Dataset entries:
+ + +

lemma nn_integral_distributed_trunc_normal:
  assumes "distributed M lborel X (\<lambda>x. ennreal (c * trunc_normal_dens lam rho x))" "0 < c" "\<And>n. 0 < lam n"
    and [measurable]: "H \<in> borel_measurable borel"
  shows "(\<integral>\<^sup>+ \<omega>. H (X \<omega>) \<partial>M) = ennreal c * (\<integral>\<^sup>+ x. ennreal (trunc_normal_dens lam rho x) * H x \<partial>lborel)"
proof -
  have "(\<integral>\<^sup>+ \<omega>. H (X \<omega>) \<partial>M) = (\<integral>\<^sup>+ x. ennreal c * (ennreal (trunc_normal_dens lam rho x) * H x) \<partial>lborel)"
    using distributed_nn_integral[OF assms(1), of H] assms(2,3)
    by (simp add: ennreal_mult trunc_normal_dens_nonneg mult.assoc)
  also have "\<dots> = ennreal c * (\<integral>\<^sup>+ x. ennreal (trunc_normal_dens lam rho x) * H x \<partial>lborel)"
    by (rule nn_integral_cmult) measurable
  finally show ?thesis .
qed

lemma integrable_trunc_normal_sq_coord:
  fixes X :: "'a \<Rightarrow> real ^ 'n::finite" and lam :: "'n \<Rightarrow> real"
  assumes "prob_space M" "\<And>n. 0 < lam n" "0 < c"
    and D: "distributed M lborel X (\<lambda>x. ennreal (c * trunc_normal_dens lam rho x))"
  shows "integrable M (\<lambda>\<omega>. (X \<omega> $ j)\<^sup>2 / lam j)"
proof (rule integrableI_nonneg)
  interpret prob_space M by fact
  have [measurable]: "X \<in> borel_measurable M" using distributed_measurable[OF D] by simp
  show "(\<lambda>\<omega>. (X \<omega> $ j)\<^sup>2 / lam j) \<in> borel_measurable M" by measurable
  show "AE \<omega> in M. 0 \<le> (X \<omega> $ j)\<^sup>2 / lam j" using assms(2) by (simp add: less_imp_le)
  have bound: "ennreal (trunc_normal_dens lam rho x) * ennreal ((x $ j)\<^sup>2 / lam j)
      \<le> ennreal (trunc_normal_dens lam rho x) * ennreal (\<bar>rho\<bar> / lam j)" for x :: "real^'n"
  proof (cases "x \<bullet> x < rho")
    case True
    have "(x $ j)\<^sup>2 \<le> (\<Sum>k\<in>UNIV. x $ k * x $ k)"
      using member_le_sum[of j UNIV "\<lambda>k. x $ k * x $ k"] by (simp add: power2_eq_square)
    also have "\<dots> = x \<bullet> x" by (simp add: inner_vec_def)
    finally show ?thesis
      using True assms(2)[of j] by (intro mult_left_mono ennreal_leI divide_right_mono) auto
  qed (simp add: trunc_normal_dens_def)
  have "(\<integral>\<^sup>+ \<omega>. ennreal ((X \<omega> $ j)\<^sup>2 / lam j) \<partial>M)
      = ennreal c * (\<integral>\<^sup>+ x. ennreal (trunc_normal_dens lam rho x) * ennreal ((x $ j)\<^sup>2 / lam j) \<partial>lborel)"
    using D assms(3,2) by (rule nn_integral_distributed_trunc_normal) measurable
  also have "\<dots> \<le> ennreal c * (\<integral>\<^sup>+ x. ennreal (trunc_normal_dens lam rho x) * ennreal (\<bar>rho\<bar> / lam j) \<partial>lborel)"
    by (intro mult_left_mono nn_integral_mono bound) simp
  also have "\<dots> = (\<integral>\<^sup>+ \<omega>. ennreal (\<bar>rho\<bar> / lam j) \<partial>M)"
    using D assms(3,2) by (rule nn_integral_distributed_trunc_normal[symmetric]) simp
  also have "\<dots> < \<infinity>" by (simp add: emeasure_space_1)
  finally show "(\<integral>\<^sup>+ \<omega>. ennreal ((X \<omega> $ j)\<^sup>2 / lam j) \<partial>M) < \<infinity>" .
qed

lemma set_integral_trunc_normal_coord_event:
  fixes X :: "'a \<Rightarrow> real ^ 'n::finite" and lam :: "'n \<Rightarrow> real" and h :: "real ^ 'n \<Rightarrow> real"
  assumes lam: "\<And>n. 0 < lam n" and c: "0 < c"
    and D: "distributed M lborel X (\<lambda>x. ennreal (c * trunc_normal_dens lam rho x))"
    and [measurable]: "S \<in> sets borel" "h \<in> borel_measurable borel" and h_nn: "\<And>x. 0 \<le> h x"
  shows "(\<integral>\<omega>\<in>(\<lambda>\<omega>. (X \<omega> $ i)\<^sup>2 / lam i) -` S \<inter> space M. h (X \<omega>) \<partial>M)
    = enn2real (\<integral>\<^sup>+ x. ennreal (trunc_normal_dens lam rho x) * ennreal (c * indicator S ((x $ i)\<^sup>2 / lam i))
        * ennreal (h x) \<partial>lborel)"
proof -
  have [measurable]: "X \<in> borel_measurable M" using distributed_measurable[OF D] by simp
  have "(\<integral>\<omega>\<in>(\<lambda>\<omega>. (X \<omega> $ i)\<^sup>2 / lam i) -` S \<inter> space M. h (X \<omega>) \<partial>M)
      = enn2real (\<integral>\<^sup>+ \<omega>. ennreal (indicator S ((X \<omega> $ i)\<^sup>2 / lam i) * h (X \<omega>)) \<partial>M)"
    unfolding set_lebesgue_integral_def using h_nn
    by (subst integral_eq_nn_integral) (auto intro!: arg_cong[where f = enn2real] nn_integral_cong
        simp: indicator_def)
  also have "\<dots> = enn2real (ennreal c * (\<integral>\<^sup>+ x. ennreal (trunc_normal_dens lam rho x)
      * ennreal (indicator S ((x $ i)\<^sup>2 / lam i) * h x) \<partial>lborel))"
    using D c lam by (subst nn_integral_distributed_trunc_normal) auto
  also have "\<dots> = enn2real (\<integral>\<^sup>+ x. ennreal (trunc_normal_dens lam rho x) * ennreal (c * indicator S ((x $ i)\<^sup>2 / lam i))
      * ennreal (h x) \<partial>lborel)"
    using c h_nn
    by (subst nn_integral_cmult[symmetric]) (auto intro!: arg_cong[where f = enn2real] nn_integral_cong
        simp: ennreal_mult mult_ac)
  finally show ?thesis .
qed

+ + +

What is needed ▸ In the records above, find the lines holding "bullet". Copy each one.

Task output ▸
  proof (cases "x \<bullet> x < rho")
    also have "\<dots> = x \<bullet> x" by (simp add: inner_vec_def)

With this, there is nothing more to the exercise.